→ **WORK REQUIRED**:
Should the word "norm" occur in a line of the records, copy that line.

→ **DATA SHOWN**:
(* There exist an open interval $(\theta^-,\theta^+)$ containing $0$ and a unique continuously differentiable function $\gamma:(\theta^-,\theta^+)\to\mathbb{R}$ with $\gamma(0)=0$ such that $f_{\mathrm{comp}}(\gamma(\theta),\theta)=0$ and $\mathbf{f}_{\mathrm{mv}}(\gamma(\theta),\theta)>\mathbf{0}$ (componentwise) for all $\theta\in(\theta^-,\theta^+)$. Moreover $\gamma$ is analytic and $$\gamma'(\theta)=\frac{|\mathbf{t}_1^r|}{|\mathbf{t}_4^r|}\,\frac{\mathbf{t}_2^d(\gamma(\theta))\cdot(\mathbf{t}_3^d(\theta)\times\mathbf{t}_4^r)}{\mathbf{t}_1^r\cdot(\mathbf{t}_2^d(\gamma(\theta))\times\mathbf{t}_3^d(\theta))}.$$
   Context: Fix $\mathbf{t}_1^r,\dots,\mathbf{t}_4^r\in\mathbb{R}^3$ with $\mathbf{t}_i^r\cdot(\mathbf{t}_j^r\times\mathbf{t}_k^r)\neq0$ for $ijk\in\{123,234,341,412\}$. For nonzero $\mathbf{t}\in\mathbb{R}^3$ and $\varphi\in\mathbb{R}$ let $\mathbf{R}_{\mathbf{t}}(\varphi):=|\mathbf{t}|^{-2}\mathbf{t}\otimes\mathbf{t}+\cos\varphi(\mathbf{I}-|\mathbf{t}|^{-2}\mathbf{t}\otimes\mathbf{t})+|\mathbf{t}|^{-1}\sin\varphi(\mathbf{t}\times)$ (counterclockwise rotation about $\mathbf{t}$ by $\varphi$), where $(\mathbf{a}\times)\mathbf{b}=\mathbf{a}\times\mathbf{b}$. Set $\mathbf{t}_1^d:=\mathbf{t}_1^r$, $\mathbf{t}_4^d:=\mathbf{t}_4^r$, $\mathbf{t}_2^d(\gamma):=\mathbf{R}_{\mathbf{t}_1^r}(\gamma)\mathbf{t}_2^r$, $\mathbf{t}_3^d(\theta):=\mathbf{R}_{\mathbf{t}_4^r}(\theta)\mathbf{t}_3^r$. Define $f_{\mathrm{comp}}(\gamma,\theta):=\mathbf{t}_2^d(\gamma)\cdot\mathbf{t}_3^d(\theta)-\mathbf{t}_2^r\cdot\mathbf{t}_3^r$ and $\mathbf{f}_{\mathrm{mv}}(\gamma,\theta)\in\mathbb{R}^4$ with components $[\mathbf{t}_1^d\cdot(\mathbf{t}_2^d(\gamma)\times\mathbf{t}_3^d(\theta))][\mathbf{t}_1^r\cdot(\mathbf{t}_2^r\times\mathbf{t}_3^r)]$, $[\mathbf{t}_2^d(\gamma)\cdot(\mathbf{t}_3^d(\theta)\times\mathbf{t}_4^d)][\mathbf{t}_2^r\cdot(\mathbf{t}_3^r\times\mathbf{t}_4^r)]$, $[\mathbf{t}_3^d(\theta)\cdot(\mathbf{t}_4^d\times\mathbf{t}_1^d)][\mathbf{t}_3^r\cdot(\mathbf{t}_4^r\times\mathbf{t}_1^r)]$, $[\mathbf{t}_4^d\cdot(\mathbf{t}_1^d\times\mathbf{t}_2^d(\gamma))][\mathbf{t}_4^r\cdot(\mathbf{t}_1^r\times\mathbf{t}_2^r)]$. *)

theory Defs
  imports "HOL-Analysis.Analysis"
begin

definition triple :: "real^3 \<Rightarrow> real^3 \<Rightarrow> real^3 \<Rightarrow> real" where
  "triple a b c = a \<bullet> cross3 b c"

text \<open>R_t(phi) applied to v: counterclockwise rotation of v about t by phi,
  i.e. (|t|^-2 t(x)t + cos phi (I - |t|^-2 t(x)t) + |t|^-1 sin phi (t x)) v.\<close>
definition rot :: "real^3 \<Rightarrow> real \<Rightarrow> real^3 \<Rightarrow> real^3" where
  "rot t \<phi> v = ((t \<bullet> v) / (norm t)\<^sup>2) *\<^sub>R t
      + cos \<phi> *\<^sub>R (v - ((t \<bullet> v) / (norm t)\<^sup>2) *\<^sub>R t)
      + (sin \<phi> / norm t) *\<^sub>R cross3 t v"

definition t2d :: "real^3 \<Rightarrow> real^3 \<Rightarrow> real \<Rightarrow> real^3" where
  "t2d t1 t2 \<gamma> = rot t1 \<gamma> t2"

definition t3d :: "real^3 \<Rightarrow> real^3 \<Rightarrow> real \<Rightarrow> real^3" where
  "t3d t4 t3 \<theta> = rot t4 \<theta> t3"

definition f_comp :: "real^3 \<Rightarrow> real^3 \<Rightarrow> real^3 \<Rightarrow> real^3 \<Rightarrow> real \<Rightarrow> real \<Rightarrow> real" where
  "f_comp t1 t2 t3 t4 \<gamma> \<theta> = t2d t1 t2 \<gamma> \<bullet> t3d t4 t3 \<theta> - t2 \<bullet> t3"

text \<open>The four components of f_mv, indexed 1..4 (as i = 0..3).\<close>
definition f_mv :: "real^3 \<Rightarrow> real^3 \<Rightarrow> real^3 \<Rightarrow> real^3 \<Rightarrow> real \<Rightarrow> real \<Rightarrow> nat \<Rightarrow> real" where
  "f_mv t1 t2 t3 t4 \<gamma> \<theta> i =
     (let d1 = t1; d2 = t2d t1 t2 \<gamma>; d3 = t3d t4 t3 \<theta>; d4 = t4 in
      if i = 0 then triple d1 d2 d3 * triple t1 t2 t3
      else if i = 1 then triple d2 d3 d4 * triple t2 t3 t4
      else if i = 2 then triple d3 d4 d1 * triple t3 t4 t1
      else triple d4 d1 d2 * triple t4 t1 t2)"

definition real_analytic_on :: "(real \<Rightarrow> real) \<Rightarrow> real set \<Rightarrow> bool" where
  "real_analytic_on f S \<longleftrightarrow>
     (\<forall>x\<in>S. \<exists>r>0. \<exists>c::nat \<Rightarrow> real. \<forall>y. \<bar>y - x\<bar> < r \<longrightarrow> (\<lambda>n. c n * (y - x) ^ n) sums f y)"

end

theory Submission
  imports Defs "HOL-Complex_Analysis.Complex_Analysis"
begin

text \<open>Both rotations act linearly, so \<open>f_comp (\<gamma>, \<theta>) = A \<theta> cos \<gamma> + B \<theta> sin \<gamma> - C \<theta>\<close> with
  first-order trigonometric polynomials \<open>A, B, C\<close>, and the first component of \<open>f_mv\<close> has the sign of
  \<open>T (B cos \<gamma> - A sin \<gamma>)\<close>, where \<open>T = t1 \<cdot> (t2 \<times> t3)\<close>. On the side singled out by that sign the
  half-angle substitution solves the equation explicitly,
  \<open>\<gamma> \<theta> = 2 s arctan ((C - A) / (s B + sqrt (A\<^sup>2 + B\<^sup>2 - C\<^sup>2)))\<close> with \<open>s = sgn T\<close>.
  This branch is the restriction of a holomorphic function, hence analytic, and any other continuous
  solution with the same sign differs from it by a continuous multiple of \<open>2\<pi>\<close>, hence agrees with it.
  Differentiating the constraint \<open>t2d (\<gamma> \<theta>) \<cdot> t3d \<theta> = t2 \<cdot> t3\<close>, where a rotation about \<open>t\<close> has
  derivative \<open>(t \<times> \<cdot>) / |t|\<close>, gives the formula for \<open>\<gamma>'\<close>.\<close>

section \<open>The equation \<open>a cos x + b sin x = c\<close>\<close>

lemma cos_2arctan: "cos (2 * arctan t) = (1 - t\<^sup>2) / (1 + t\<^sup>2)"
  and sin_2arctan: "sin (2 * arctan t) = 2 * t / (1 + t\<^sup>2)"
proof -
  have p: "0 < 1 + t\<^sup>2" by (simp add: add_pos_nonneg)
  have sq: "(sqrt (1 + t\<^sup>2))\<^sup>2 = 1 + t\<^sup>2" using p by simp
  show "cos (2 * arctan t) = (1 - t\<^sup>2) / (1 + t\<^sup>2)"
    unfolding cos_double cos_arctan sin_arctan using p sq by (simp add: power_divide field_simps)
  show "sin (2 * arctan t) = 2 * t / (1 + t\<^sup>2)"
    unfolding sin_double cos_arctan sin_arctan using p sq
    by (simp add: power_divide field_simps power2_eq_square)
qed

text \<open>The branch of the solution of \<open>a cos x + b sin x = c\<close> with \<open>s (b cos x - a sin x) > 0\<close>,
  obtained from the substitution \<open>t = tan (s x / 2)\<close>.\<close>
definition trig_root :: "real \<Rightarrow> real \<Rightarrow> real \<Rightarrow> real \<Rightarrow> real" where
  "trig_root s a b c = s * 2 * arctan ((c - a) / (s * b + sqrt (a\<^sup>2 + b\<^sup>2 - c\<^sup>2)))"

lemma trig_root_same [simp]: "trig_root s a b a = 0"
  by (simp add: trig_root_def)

→ **EXPECTED ANSWER**:
  "rot t \<phi> v = ((t \<bullet> v) / (norm t)\<^sup>2) *\<^sub>R t
      + cos \<phi> *\<^sub>R (v - ((t \<bullet> v) / (norm t)\<^sup>2) *\<^sub>R t)
      + (sin \<phi> / norm t) *\<^sub>R cross3 t v"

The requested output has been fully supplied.